■ Problem description ■
In the data below, find every line that has the string "sqrt", and copy it.
↓
section \<open>Pull counts of a suboptimal arm\<close>

text \<open>If a UCB maximiser \<open>k\<close> has been pulled at least \<open>l \<ge> 8 lt / \<Delta>\<^sup>2\<close> times, then the best arm's
  mean lies below its confidence interval or \<open>k\<close>'s mean lies above its own.\<close>

lemma ucb_order_impossible:
  fixes S1 S2 n1 n2 mus muk lt l c2 :: real
  assumes n1: "1 \<le> n1" and n2: "l \<le> n2" and l: "0 < l" and lt: "0 \<le> lt"
    and gap: "0 < mus - muk" and l_large: "8 * lt / (mus - muk)\<^sup>2 \<le> l"
    and idx: "S1 / n1 + sqrt (2 * lt / n1) \<le> S2 / n2 + sqrt (2 * lt / n2)"
    and best_ok: "\<not> S1 \<le> n1 * mus - n1 * sqrt (2 * lt / n1)"
    and k_ok: "\<not> n2 * c2 \<le> S2 - n2 * muk" and c2: "c2 = sqrt (2 * lt / n2)"
  shows False
proof -
  have n2_pos: "0 < n2" using n2 l by simp
  let ?c1 = "sqrt (2 * lt / n1)"
  have "n1 * (mus - ?c1) < S1" using best_ok by (simp add: algebra_simps)
  then have "mus - ?c1 < S1 / n1" using n1 by (simp add: field_simps)
  moreover have "S2 < n2 * (muk + c2)" using k_ok by (simp add: algebra_simps)
  then have "S2 / n2 < muk + c2" using n2_pos by (simp add: field_simps)
  ultimately have "mus - muk < 2 * c2" using idx c2 by linarith
  then have "(mus - muk)\<^sup>2 < (2 * c2)\<^sup>2" using gap by (intro power_strict_mono) auto
  also have "(2 * c2)\<^sup>2 = 8 * lt / n2" using c2 lt n2_pos by (simp add: power_mult_distrib)
  finally have "(mus - muk)\<^sup>2 * n2 < 8 * lt" using n2_pos by (simp add: field_simps)
  moreover have "8 * lt \<le> l * (mus - muk)\<^sup>2" using l_large gap by (simp add: field_simps)
  moreover have "l * (mus - muk)\<^sup>2 \<le> n2 * (mus - muk)\<^sup>2" using n2 by (intro mult_right_mono) auto
  ultimately show False by (simp add: mult.commute)
qed

lemma sum_two_t_div_pow4_le: "(\<Sum>t<T. 2 * real t / (real t + 1) ^ 4) \<le> 1 - 1 / (real T + 1)"
proof (induction T)
  case 0
  then show ?case by simp
next
  case (Suc T)
  have "2 * T * (T + 2) \<le> (T + 1) ^ 3"
    by (simp add: power3_eq_cube algebra_simps, metis le_SucI le_square trans_le_add1)
  then have "2 * real T * (real T + 2) \<le> (real T + 1) ^ 3"
    by (metis (mono_tags, opaque_lifting) of_nat_1 of_nat_add of_nat_le_iff of_nat_mult
              of_nat_numeral of_nat_power)
  then have "2 * real T * ((real T + 1) * (real T + 2)) \<le> 1 * (real T + 1) ^ 4"
    using mult_right_mono[of _ _ "real T + 1"] by (simp add: power_Suc2 numeral_eq_Suc algebra_simps)
  then have "2 * real T / (real T + 1) ^ 4 \<le> 1 / ((real T + 1) * (real T + 2))"
    by (simp add: frac_le_eq divide_le_eq le_divide_eq)
  also have "\<dots> = 1 / (real T + 1) - 1 / (real (Suc T) + 1)"
    by (simp add: field_simps)
  finally show ?case using Suc by simp
qed

context mucb
begin

lemma plain_ucb_pull_bad_estimate:
  assumes unit: "unit_rewards x (Suc t)" and not_forced: "\<not> forced (Suc t)"
    and pull: "plain_act w x t = k" and ks: "ks \<in> {1..K}" and l1: "1 \<le> l"
    and many: "l \<le> counts_of (plain_run w x t) k"
    and gap: "0 < mus - muk" and l_large: "8 * ln (real (Suc t)) / (mus - muk)\<^sup>2 \<le> real l"
  defines "n \<equiv> counts_of (plain_run w x t)" and "Z \<equiv> obs_of (plain_run w x t)"
    and "c \<equiv> \<lambda>i. sqrt (2 * ln (real (Suc t)) / real (counts_of (plain_run w x t) i))"
  shows "(1 \<le> n ks \<and> sum (Z ks) {1..n ks} \<le> real (n ks) * mus - real (n ks) * c ks) \<or>
         (real (n k) * c k \<le> sum (Z k) {1..n k} - real (n k) * muk)"
proof (rule ccontr)
  assume no_bad: "\<not> ?thesis"
  have argmax: "k \<in> ucb_argmax K n Z 0 (Suc t)"
    using plain_act_ucb[OF unit_rewards_mono[OF unit] not_forced, where w=w] pull
    by (simp add: n_def Z_def)
  have "1 \<le> n k" using l1 many by (simp add: n_def)
  have no_zero: "\<not> (\<exists>k'\<in>{1..K}. n k' = 0)"
  proof
    assume "\<exists>k'\<in>{1..K}. n k' = 0"
    then have "n k = 0" using argmax by (auto simp: ucb_argmax_def)
    with \<open>1 \<le> n k\<close> show False by simp
  qed
  then have "1 \<le> n ks" using ks by (metis less_one not_le)
  moreover have "ucb_index n Z 0 (Suc t) ks \<le> ucb_index n Z 0 (Suc t) k"
    using argmax ks unfolding ucb_argmax_def if_not_P[OF no_zero] by auto
  ultimately show False
    using no_bad many l1 l_large gap
    by (intro ucb_order_impossible[of "real (n ks)" "real l" "real (n k)" "ln (real (Suc t))" mus muk
          "sum (Z ks) {1..n ks}" "sum (Z k) {1..n k}" "c k"])
       (auto simp: ucb_index_def c_def n_def)
qed

lemma card_forced_pulls_le:
  assumes "unit_rewards x T"
  shows "card {t \<in> {..<T}. plain_act w x t = k \<and> forced (Suc t)} \<le> T div period + 1"
proof -
  let ?S = "{t \<in> {..<T}. plain_act w x t = k \<and> forced (Suc t)}"
  have "Suc ` ?S \<subseteq> {r \<in> {1..T}. r mod period = k}"
    using plain_act_forced[OF unit_rewards_mono[OF assms]] by auto
  then have "card (Suc ` ?S) \<le> card {r \<in> {1..T}. r mod period = k}"
    by (intro card_mono) auto
  also have "\<dots> \<le> T div period + 1" by (rule card_residue_class_le[OF period_pos])
  finally show ?thesis by (simp add: card_image)
qed

end

context mucb_bandit
begin

definition conf_radius :: "nat \<Rightarrow> nat \<Rightarrow> real" where
  "conf_radius t m = sqrt (2 * ln (real (Suc t)) / real m)"

definition bad_round :: "nat \<Rightarrow> nat \<Rightarrow> nat \<Rightarrow> nat \<Rightarrow> 'a set" where
  "bad_round w k ks t =
     (\<Union>m\<in>{1..t}. deviation_event w ks (-1) t m (conf_radius t m)) \<union>
     (\<Union>m\<in>{1..t}. deviation_event w k 1 t m (conf_radius t m))"

lemma sets_bad_round [measurable]: "bad_round w k ks t \<in> sets M"
  unfolding bad_round_def by measurable

lemma prob_deviation_event_conf_radius_le:
  assumes k: "k \<in> {1..K}" and \<sigma>: "\<bar>\<sigma>\<bar> = 1" and t: "t \<le> T" and m: "m \<in> {1..t}"
  shows "prob (deviation_event w k \<sigma> t m (conf_radius t m)) \<le> 1 / (real t + 1) ^ 4"
proof -
  have ln_pos: "0 < ln (real (Suc t))" using m by simp
  then have "0 < conf_radius t m" unfolding conf_radius_def using m by simp
  then have "prob (deviation_event w k \<sigma> t m (conf_radius t m)) \<le> exp (- (2 * real m * (conf_radius t m)\<^sup>2))"
    by (rule prob_deviation_event_le[OF k \<sigma> t])
  also have "2 * real m * (conf_radius t m)\<^sup>2 = 4 * ln (real (Suc t))"
    unfolding conf_radius_def using ln_pos m by simp
  also have "exp (4 * ln (real (Suc t))) = exp (ln (real (Suc t) ^ 4))"
    by (simp add: ln_realpow)
  then have "exp (4 * ln (real (Suc t))) = (real t + 1) ^ 4" by (simp add: add.commute)
  then have "exp (- (4 * ln (real (Suc t)))) = 1 / (real t + 1) ^ 4"
    by (simp add: exp_minus divide_inverse add.commute)
  finally show ?thesis .
qed

lemma prob_bad_round_le:
  assumes k: "k \<in> {1..K}" and ks: "ks \<in> {1..K}" and t: "t \<le> T"
  shows "prob (bad_round w k ks t) \<le> 2 * real t / (real t + 1) ^ 4"
proof -
  have union_le: "prob (\<Union>m\<in>{1..t}. deviation_event w k' \<sigma> t m (conf_radius t m)) \<le> real t / (real t + 1) ^ 4"
    if "k' \<in> {1..K}" "\<bar>\<sigma>\<bar> = 1" for k' \<sigma>
  proof -
    have "prob (\<Union>m\<in>{1..t}. deviation_event w k' \<sigma> t m (conf_radius t m))
        \<le> (\<Sum>m\<in>{1..t}. prob (deviation_event w k' \<sigma> t m (conf_radius t m)))"
      by (rule finite_measure_subadditive_finite) auto
    also have "\<dots> \<le> (\<Sum>m\<in>{1..t}. 1 / (real t + 1) ^ 4)"
      by (intro sum_mono prob_deviation_event_conf_radius_le[OF that t])
    finally show ?thesis by simp
  qed
  have "prob (bad_round w k ks t)
      \<le> prob (\<Union>m\<in>{1..t}. deviation_event w ks (-1) t m (conf_radius t m))
        + prob (\<Union>m\<in>{1..t}. deviation_event w k 1 t m (conf_radius t m))"
    unfolding bad_round_def by (rule measure_Un_le) auto
  then show ?thesis using union_le[OF ks, of "-1"] union_le[OF k, of 1] by simp
qed

definition pulls :: "nat \<Rightarrow> nat \<Rightarrow> 'a \<Rightarrow> real" where
  "pulls w k \<omega> = (\<Sum>t<T. if plain_act w (reward_table \<omega>) t = k then 1 else 0)"

lemma unforced_pull_in_bad_round:
  assumes \<omega>: "\<omega> \<in> space M" and ks: "ks \<in> {1..K}" and l1: "1 \<le> l" and t: "t < T"
    and pull: "plain_act w (reward_table \<omega>) t = k" and not_forced: "\<not> forced (Suc t)"
    and many: "l \<le> counts_of (plain_run w (reward_table \<omega>) t) k"
    and gap: "0 < \<mu> ks - \<mu> k" and l_large: "8 * ln (real T) / (\<mu> ks - \<mu> k)\<^sup>2 \<le> real l"
  shows "\<omega> \<in> bad_round w k ks t"
proof -
  let ?s = "plain_run w (reward_table \<omega>) t"
  have "8 * ln (real (Suc t)) / (\<mu> ks - \<mu> k)\<^sup>2 \<le> 8 * ln (real T) / (\<mu> ks - \<mu> k)\<^sup>2"
    using t gap by (intro divide_right_mono) auto
  then have "8 * ln (real (Suc t)) / (\<mu> ks - \<mu> k)\<^sup>2 \<le> real l" using l_large by linarith
  from plain_ucb_pull_bad_estimate[OF unit_rewards_reward_table not_forced pull ks l1 many gap this]
  consider
      "1 \<le> counts_of ?s ks" "sum (obs_of ?s ks) {1..counts_of ?s ks}
         \<le> real (counts_of ?s ks) * \<mu> ks - real (counts_of ?s ks) * conf_radius t (counts_of ?s ks)"
    | "real (counts_of ?s k) * conf_radius t (counts_of ?s k)
         \<le> sum (obs_of ?s k) {1..counts_of ?s k} - real (counts_of ?s k) * \<mu> k"
    unfolding conf_radius_def by blast
  then show ?thesis
  proof cases
    case 1
    then have "counts_of ?s ks \<in> {1..t}" using count_le[of w "real w" _ t ks] by auto
    moreover have "\<omega> \<in> deviation_event w ks (-1) t (counts_of ?s ks) (conf_radius t (counts_of ?s ks))"
      using 1 \<omega> unfolding deviation_event_def by (auto simp: algebra_simps)
    ultimately show ?thesis unfolding bad_round_def by blast
  next
    case 2
    have "counts_of ?s k \<in> {1..t}" using count_le[of w "real w" _ t k] many l1 by auto
    moreover have "\<omega> \<in> deviation_event w k 1 t (counts_of ?s k) (conf_radius t (counts_of ?s k))"
      using 2 \<omega> unfolding deviation_event_def by auto
    ultimately show ?thesis unfolding bad_round_def by blast
  qed
qed

lemma pulls_le:
  assumes \<omega>: "\<omega> \<in> space M" and ks: "ks \<in> {1..K}" and l1: "1 \<le> l"
    and gap: "0 < \<mu> ks - \<mu> k" and l_large: "8 * ln (real T) / (\<mu> ks - \<mu> k)\<^sup>2 \<le> real l"
  shows "pulls w k \<omega> \<le> real l + real (T div period + 1) + (\<Sum>t<T. indicator (bad_round w k ks t) \<omega>)"
proof -
  let ?x = "reward_table \<omega>"
  let ?n = "\<lambda>t. counts_of (plain_run w ?x t) k"
  define S1 where "S1 = {t \<in> {..<T}. plain_act w ?x t = k \<and> ?n t < l}"
  define S2 where "S2 = {t \<in> {..<T}. plain_act w ?x t = k \<and> forced (Suc t)}"
  define S3 where "S3 = {t \<in> {..<T}. \<omega> \<in> bad_round w k ks t}"
  have "{t \<in> {..<T}. plain_act w ?x t = k} \<subseteq> S1 \<union> S2 \<union> S3"
  proof
    fix t assume "t \<in> {t \<in> {..<T}. plain_act w ?x t = k}"
    then have t: "t < T" and pull: "plain_act w ?x t = k" by auto
    show "t \<in> S1 \<union> S2 \<union> S3"
    proof (cases "?n t < l \<or> forced (Suc t)")
      case True
      then show ?thesis using t pull by (auto simp: S1_def S2_def)
    next
      case False
      then have "\<omega> \<in> bad_round w k ks t"
        by (intro unforced_pull_in_bad_round[OF \<omega> ks l1 t pull _ _ gap l_large]) auto
      then show ?thesis using t by (simp add: S3_def)
    qed
  qed
  then have "card {t \<in> {..<T}. plain_act w ?x t = k} \<le> card (S1 \<union> S2 \<union> S3)"
    by (intro card_mono) (auto simp: S1_def S2_def S3_def)
  also have "\<dots> \<le> card S1 + card S2 + card S3"
    by (intro order.trans[OF card_Un_le] add_right_mono card_Un_le)
  also have "card S1 \<le> l"
    using card_pulls_below_le[OF unit_rewards_reward_table order.refl, where w=w and k=k and l=l] by (simp add: S1_def)
  also have "card S2 \<le> T div period + 1"
    unfolding S2_def by (rule card_forced_pulls_le[OF unit_rewards_reward_table])
  finally have "real (card {t \<in> {..<T}. plain_act w ?x t = k}) \<le> real l + real (T div period + 1) + card S3"
    by linarith
  moreover have "real (card S3) = (\<Sum>t<T. indicator (bad_round w k ks t) \<omega>)"
    unfolding S3_def by (simp add: sum.inter_filter[symmetric] indicator_def Collect_conj_eq lessThan_def)
  moreover have "pulls w k \<omega> = real (card {t \<in> {..<T}. plain_act w ?x t = k})"
    unfolding pulls_def by (simp add: sum.inter_filter[symmetric])
  ultimately show ?thesis by simp
qed

lemma measurable_pulls [measurable]: "pulls w k \<in> borel_measurable M"
proof -
  have [measurable]: "\<And>t. (\<lambda>\<omega>. plain_act w (reward_table \<omega>) t) \<in> measurable M (count_space UNIV)"
    by (rule measurable_act)
  show ?thesis unfolding pulls_def by measurable
qed

lemma integrable_pulls: "integrable M (pulls w k)"
proof (rule integrable_bounded[where B="real T", OF measurable_pulls])
  fix \<omega>
  have "0 \<le> pulls w k \<omega>" unfolding pulls_def by (intro sum_nonneg) auto
  moreover have "pulls w k \<omega> \<le> (\<Sum>t<T. 1)" unfolding pulls_def by (intro sum_mono) auto
  ultimately show "\<bar>pulls w k \<omega>\<bar> \<le> real T" by simp
qed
↑
■ Response below ■
    and idx: "S1 / n1 + sqrt (2 * lt / n1) \<le> S2 / n2 + sqrt (2 * lt / n2)"
    and best_ok: "\<not> S1 \<le> n1 * mus - n1 * sqrt (2 * lt / n1)"
    and k_ok: "\<not> n2 * c2 \<le> S2 - n2 * muk" and c2: "c2 = sqrt (2 * lt / n2)"
  let ?c1 = "sqrt (2 * lt / n1)"
    and "c \<equiv> \<lambda>i. sqrt (2 * ln (real (Suc t)) / real (counts_of (plain_run w x t) i))"
  "conf_radius t m = sqrt (2 * ln (real (Suc t)) / real m)"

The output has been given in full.